Third, when end-of-file is encountered and the eof-error-p argument is not nil, the kind of error that is signaled may depend on the value of recursive-p. If recursive-p is not nil, then the end-of-file is deemed to have occurred within the middle of a printed representation; if recursive-p is nil, then the end-of-file may be deemed to have occurred between objects rather than within the middle of one.

[Function]
read &optional input-stream eof-error-p eof-value recursive-p

read reads in the printed representation of a Lisp object from input-stream, builds a corresponding Lisp object, and returns the object.

Note that when the variable *read-suppress* is not nil, then read reads in a printed representation as best it can, but most of the work of interpreting the representation is avoided (the intent being that the result is to be discarded anyway). For example, all extended tokens produce the result nil regardless of their syntax.

[Variable]
*read-default-float-format*

The value of this variable must be a type specifier symbol for a specific floating-point format; these include short-float, single-float, double-float, and long-float and may include implementation-specific types as well. The default value is single-float.
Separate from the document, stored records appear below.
lemma bisect_offset_less: "bisect_offset s a v \<sigma> < 2 ^ s"
proof (induction s arbitrary: a v)
  case (Suc s)
  have "bisect_offset s (Suc v) (v + 3) \<sigma> < 2 ^ s"
    by (rule Suc)
  then show ?case
    by simp
qed simp

lemma sat_offset_is: "sat w \<sigma> (offset_is s a v j) \<longleftrightarrow> bisect_offset s a v \<sigma> = j"
proof (induction s arbitrary: a v j)
  case (Suc s)
  then show ?case
    using bisect_offset_less[of s "Suc v" "v + 3" \<sigma>] by auto
qed simp

lemma bisect_leaf_Suc:
  assumes "a < v" and "bisect_leaf s (Suc v) (Suc (Suc v)) (v + 3) \<tau> \<sigma>'"
    and "\<forall>x<v. \<tau> x = \<sigma> x" and "\<tau> (Suc v) = \<sigma> a \<or> \<tau> (Suc v) = \<sigma> a + 2 ^ s"
  shows "bisect_leaf (Suc s) a b v \<sigma> \<sigma>'"
proof -
  have agree: "\<forall>x<v. \<sigma>' x = \<sigma> x" and "\<sigma>' (Suc v) = \<tau> (Suc v)"
    using assms(2,3) by (auto simp: bisect_leaf_def)
  moreover have "\<sigma>' a = \<sigma> a"
    using agree assms(1) by blast
  ultimately have "\<tau> (Suc v) + bisect_offset s (Suc v) (v + 3) \<sigma>' = \<sigma> a + bisect_offset (Suc s) a v \<sigma>'"
    using assms(4) by auto
  then show ?thesis
    using assms(2) agree by (simp add: bisect_leaf_def)
qed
*read-default-float-format* indicates the floating-point format to be used for reading floating-point numbers that have no exponent marker or have e or E for an exponent marker. (Other exponent markers explicitly prescribe the floating-point format to be used.) The printer also uses this variable to guide the choice of exponent markers when printing floating-point numbers.

[Function]
read-preserving-whitespace &optional in-stream eof-error-p eof-value recursive-p

Certain printed representations given to read, notably those of symbols and numbers, require a delimiting character after them. (Lists do not, because the close parenthesis marks the end of the list.) Normally read will throw away the delimiting character if it is a whitespace character; but read will preserve the character (using unread-char) if it is syntactically meaningful, because it may be the start of the next expression.

change_begin
X3J13 voted in January 1989 (PEEK-CHAR-READ-CHAR-ECHO) to clarify the interaction of unread-char with echo streams. These changes indirectly affect the echoing behavior of read-preserving-whitespace.
change_end

The function read-preserving-whitespace is provided for some specialized situations where it is desirable to determine precisely what character terminated the extended token.
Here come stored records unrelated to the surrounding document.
lemma escape_prob_eq_suminf:
  "escape_prob r A B x = (if x \<in> B then 1 else (\<Sum>k. escape_weight r A B k x))"
  unfolding escape_prob_def escape_weight_def escape_paths_def by simp

lemma escape_paths_0: "escape_paths A B 0 = (\<lambda>y. [y]) ` (B - A)"
  unfolding escape_paths_def by (auto simp: length_Suc_conv)

lemma Cons_in_escape_paths_Suc:
  "y # ys \<in> escape_paths A B (Suc k) \<longleftrightarrow> y \<notin> A \<union> B \<and> ys \<in> escape_paths A B k"
  unfolding escape_paths_def by (cases ys) (auto simp: less_Suc_eq_0_disj)

lemma escape_paths_Suc:
  "escape_paths A B (Suc k) = (\<lambda>(y, ys). y # ys) ` ((UNIV - (A \<union> B)) \<times> escape_paths A B k)"
proof (intro set_eqI iffI)
  fix xs assume xs: "xs \<in> escape_paths A B (Suc k)"
  then obtain y ys where "xs = y # ys" unfolding escape_paths_def by (cases xs) auto
  with xs show "xs \<in> (\<lambda>(y, ys). y # ys) ` ((UNIV - (A \<union> B)) \<times> escape_paths A B k)"
    by (auto simp: Cons_in_escape_paths_Suc)
qed (auto simp: Cons_in_escape_paths_Suc)

lemma escape_weight_0: "escape_weight r A B 0 x = (\<Sum>y\<in>B - A. jump_prob r x y)"
  unfolding escape_weight_def escape_paths_0 by (subst sum.reindex) (auto simp: inj_on_def)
As an example, consider this macro-character definition:

(defun slash-reader (stream char) 
  (declare (ignore char)) 
  (do ((path (list (read-preserving-whitespace stream)) 
             (cons (progn (read-char stream nil nil t) 
                          (read-preserving-whitespace 
                             stream)) 
                   path))) 
      ((not (char= (peek-char nil stream nil nil t) #\/)) 
       (cons 'path (nreverse path))))) 
(set-macro-character #\/ #'slash-reader)

(This is actually a rather dangerous definition to make because expressions such as (/ x 3) will no longer be read properly. The ability to reprogram the reader syntax is very powerful and must be used with caution. This redefinition of / is shown here purely for the sake of example.)

Consider now calling read on this expression:

(zyedh /usr/games/zork /usr/games/boggle)
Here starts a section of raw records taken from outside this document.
lemma Ck_on_cong:
  assumes "open S" "\<And>x. x \<in> S \<Longrightarrow> f x = g x" "Ck_on k S f"
  shows "Ck_on k S g"
  using assms(2,3)
proof (induction k arbitrary: f g)
  case 0
  then show ?case
    using continuous_on_cong by (metis Ck_on.simps(1))
next
  case (Suc k)
  have "(g has_derivative frechet_derivative f (at x)) (at x)" if "x \<in> S" for x
    using has_derivative_transform_within_open[OF Ck_on_Suc_has_derivative[OF assms(1) Suc.prems(2) that]
        assms(1) that] Suc.prems(1) by blast
  then have "g differentiable (at x)" and deriv_eq: "frechet_derivative g (at x) = frechet_derivative f (at x)"
    if "x \<in> S" for x
    using that frechet_derivative_at differentiableI by metis+
  then have "g differentiable_on S"
    using differentiable_on_eq_differentiable_at[OF assms(1)] by blast
  moreover have "Ck_on k S (\<lambda>x. frechet_derivative g (at x) i)" if "i \<in> Basis" for i
    using Suc.IH[of "\<lambda>x. frechet_derivative f (at x) i"] Suc.prems(2) that deriv_eq by simp
  ultimately show ?case
    by simp
qed

lemma Ck_on_SucI:
  assumes "open S"
    and "\<And>x. x \<in> S \<Longrightarrow> (f has_derivative f' x) (at x)"
    and "\<And>i. i \<in> Basis \<Longrightarrow> Ck_on k S (\<lambda>x. f' x i)"
  shows "Ck_on (Suc k) S f"
proof -
  have "frechet_derivative f (at x) = f' x" if "x \<in> S" for x
    using frechet_derivative_at[OF assms(2)[OF that]] by simp
  then have "Ck_on k S (\<lambda>x. frechet_derivative f (at x) i)" if "i \<in> Basis" for i
    using Ck_on_cong[OF assms(1) _ assms(3)[OF that]] by simp
  moreover have "f differentiable_on S"
    using assms(1,2) differentiable_on_eq_differentiable_at differentiableI by blast
  ultimately show ?thesis
    by simp
qed

lemma Ck_on_add:
  fixes f g :: "'a::euclidean_space \<Rightarrow> 'b::real_normed_vector"
  assumes "open S"
  shows "Ck_on k S f \<Longrightarrow> Ck_on k S g \<Longrightarrow> Ck_on k S (\<lambda>x. f x + g x)"
proof (induction k arbitrary: f g)
  case 0
  then show ?case
    by (simp add: continuous_on_add)
next
  case (Suc k)
  show ?case
  proof (rule Ck_on_SucI[OF assms])
    show "((\<lambda>x. f x + g x) has_derivative
        (\<lambda>h. frechet_derivative f (at x) h + frechet_derivative g (at x) h)) (at x)" if "x \<in> S" for x
      using Ck_on_Suc_has_derivative[OF assms Suc.prems(1) that]
        Ck_on_Suc_has_derivative[OF assms Suc.prems(2) that]
      by (rule has_derivative_add)
    show "Ck_on k S (\<lambda>x. frechet_derivative f (at x) i + frechet_derivative g (at x) i)"
      if "i \<in> Basis" for i
      using Suc that by simp
  qed
qed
The / macro reads objects separated by more / characters; thus /usr/games/zork is intended to be read as (path usr games zork). The entire example expression should therefore be read as

(zyedh (path usr games zork) (path usr games boggle))

However, if read had been used instead of read-preserving-whitespace, then after the reading of the symbol zork, the following space would be discarded; the next call to peek-char would see the following /, and the loop would continue, producing this interpretation:

(zyedh (path usr games zork usr games boggle))

On the other hand, there are times when whitespace should be discarded. If a command interpreter takes single-character commands, but occasionally reads a Lisp object, then if the whitespace after a symbol is not discarded it might be interpreted as a command some time later after the symbol had been read.

Note that read-preserving-whitespace behaves exactly like read when the recursive-p argument is not nil. The distinction is established only by calls with recursive-p equal to nil or omitted.

[Function]
read-delimited-list char &optional input-stream recursive-p

This reads objects from stream until the next character after an object's representation (ignoring whitespace characters and comments) is char. (The char should not have whitespace syntax in the current readtable.) A list of the objects read is returned.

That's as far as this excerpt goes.